» **Instructions for the task**
Read through the lines below and copy the ones holding the string "column".

» **Data to use**
+ + +

(* For every integer $k\ge 1$ there is a polynomial $D_k$ of degree exactly $2k-2$ such that $d_k(n)=D_k(n)$ for all integers $n\ge 1$; and for every integer $k\ge 2$ there is a polynomial $S_k$ of degree exactly $2k-3$ such that $s_k(n)=S_k(n)$ for all integers $n\ge 1$.
   Context: For $n\ge 1$, the $2\times n$ board consists of $2n$ unit squares arranged in 2 rows and $n$ columns; two squares are adjacent iff they share an edge. A piece is a nonempty set of squares that is connected under adjacency. A division of the board into $k$ pieces is a partition of the set of all $2n$ squares into exactly $k$ pieces. $d_k(n)$ denotes the number of divisions of the $2\times n$ board into $k$ pieces. $s_k(n)$ denotes the number of such divisions in which the two squares of the rightmost column lie in different pieces. *)

theory Defs
  imports Complex_Main "HOL-Library.Disjoint_Sets" "HOL-Computational_Algebra.Polynomial"
begin

definition board :: "nat \<Rightarrow> (nat \<times> nat) set" where
  "board n = {0, 1} \<times> {0..<n}"

definition adjacent :: "nat \<times> nat \<Rightarrow> nat \<times> nat \<Rightarrow> bool" where
  "adjacent a b \<longleftrightarrow>
     (fst a = fst b \<and> (snd a = snd b + 1 \<or> snd b = snd a + 1)) \<or>
     (snd a = snd b \<and> (fst a = fst b + 1 \<or> fst b = fst a + 1))"

definition is_piece :: "(nat \<times> nat) set \<Rightarrow> bool" where
  "is_piece P \<longleftrightarrow> P \<noteq> {} \<and>
     (\<forall>x\<in>P. \<forall>y\<in>P. (\<lambda>a b. a \<in> P \<and> b \<in> P \<and> adjacent a b)\<^sup>*\<^sup>* x y)"

definition divisions :: "nat \<Rightarrow> nat \<Rightarrow> (nat \<times> nat) set set set" where
  "divisions k n = {Q. partition_on (board n) Q \<and> (\<forall>P\<in>Q. is_piece P) \<and> card Q = k}"

definition d :: "nat \<Rightarrow> nat \<Rightarrow> nat" where
  "d k n = card (divisions k n)"

definition s :: "nat \<Rightarrow> nat \<Rightarrow> nat" where
  "s k n = card {Q \<in> divisions k n.
      \<not> (\<exists>P\<in>Q. (0, n - 1) \<in> P \<and> (1, n - 1) \<in> P)}"

end

theory Submission
  imports Defs
begin

text \<open>Removing the last column of a division of the \<open>2 \<times> (n + 2)\<close> board leaves a division of the
  \<open>2 \<times> (n + 1)\<close> board, and every division arises in this way from exactly one shorter division
  by distributing the two new squares among new pieces and the pieces through \<open>(0, n)\<close> and
  \<open>(1, n)\<close>. Counting these extensions, separately for a joined and a split last column, gives
  for \<open>n \<ge> 1\<close>
    \<open>s\<^sub>k(n + 1) = s\<^sub>k(n) + d\<^sub>k\<^sub>-\<^sub>2(n) + 2 d\<^sub>k\<^sub>-\<^sub>1(n)\<close> and
    \<open>d\<^sub>k(n + 1) = s\<^sub>k(n + 1) + d\<^sub>k\<^sub>-\<^sub>1(n) + d\<^sub>k(n) + s\<^sub>k(n)\<close>.
  Since \<open>d\<^sub>0 = 0\<close> and \<open>d\<^sub>1\<close> is constant, induction on \<open>k\<close> exhibits \<open>s\<^sub>k\<close> and \<open>d\<^sub>k - s\<^sub>k\<close> as
  discrete antiderivatives of sequences given by polynomials of degree \<open>2k - 4\<close> and \<open>2k - 3\<close>
  with positive leading coefficients, and summing a polynomial raises its degree by one.\<close>

lemma poly_binomial_difference:
  "poly (\<Sum>i<N. monom (of_nat (N choose i)) i) x = (x + 1) ^ N - x ^ N"
  for x :: "'a::comm_ring_1"
proof -
  have "(x + 1) ^ N = (\<Sum>i\<le>N. of_nat (N choose i) * x ^ i)"
    using binomial_ring[of x 1 N] by simp
  also have "\<dots> = (\<Sum>i<N. of_nat (N choose i) * x ^ i) + x ^ N"
    by (simp add: lessThan_Suc_atMost[symmetric])
  finally show ?thesis
    by (simp add: poly_sum poly_monom)
qed

lemma coeff_binomial_difference:
  "coeff (\<Sum>i<N. monom (of_nat (N choose i)) i :: 'a::comm_ring_1 poly) j =
     (if j < N then of_nat (N choose j) else 0)"
  by (simp add: coeff_sum coeff_monom)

+ + +

» **Solution**
   Context: For $n\ge 1$, the $2\times n$ board consists of $2n$ unit squares arranged in 2 rows and $n$ columns; two squares are adjacent iff they share an edge. A piece is a nonempty set of squares that is connected under adjacency. A division of the board into $k$ pieces is a partition of the set of all $2n$ squares into exactly $k$ pieces. $d_k(n)$ denotes the number of divisions of the $2\times n$ board into $k$ pieces. $s_k(n)$ denotes the number of such divisions in which the two squares of the rightmost column lie in different pieces. *)
text \<open>Removing the last column of a division of the \<open>2 \<times> (n + 2)\<close> board leaves a division of the
  \<open>(1, n)\<close>. Counting these extensions, separately for a joined and a split last column, gives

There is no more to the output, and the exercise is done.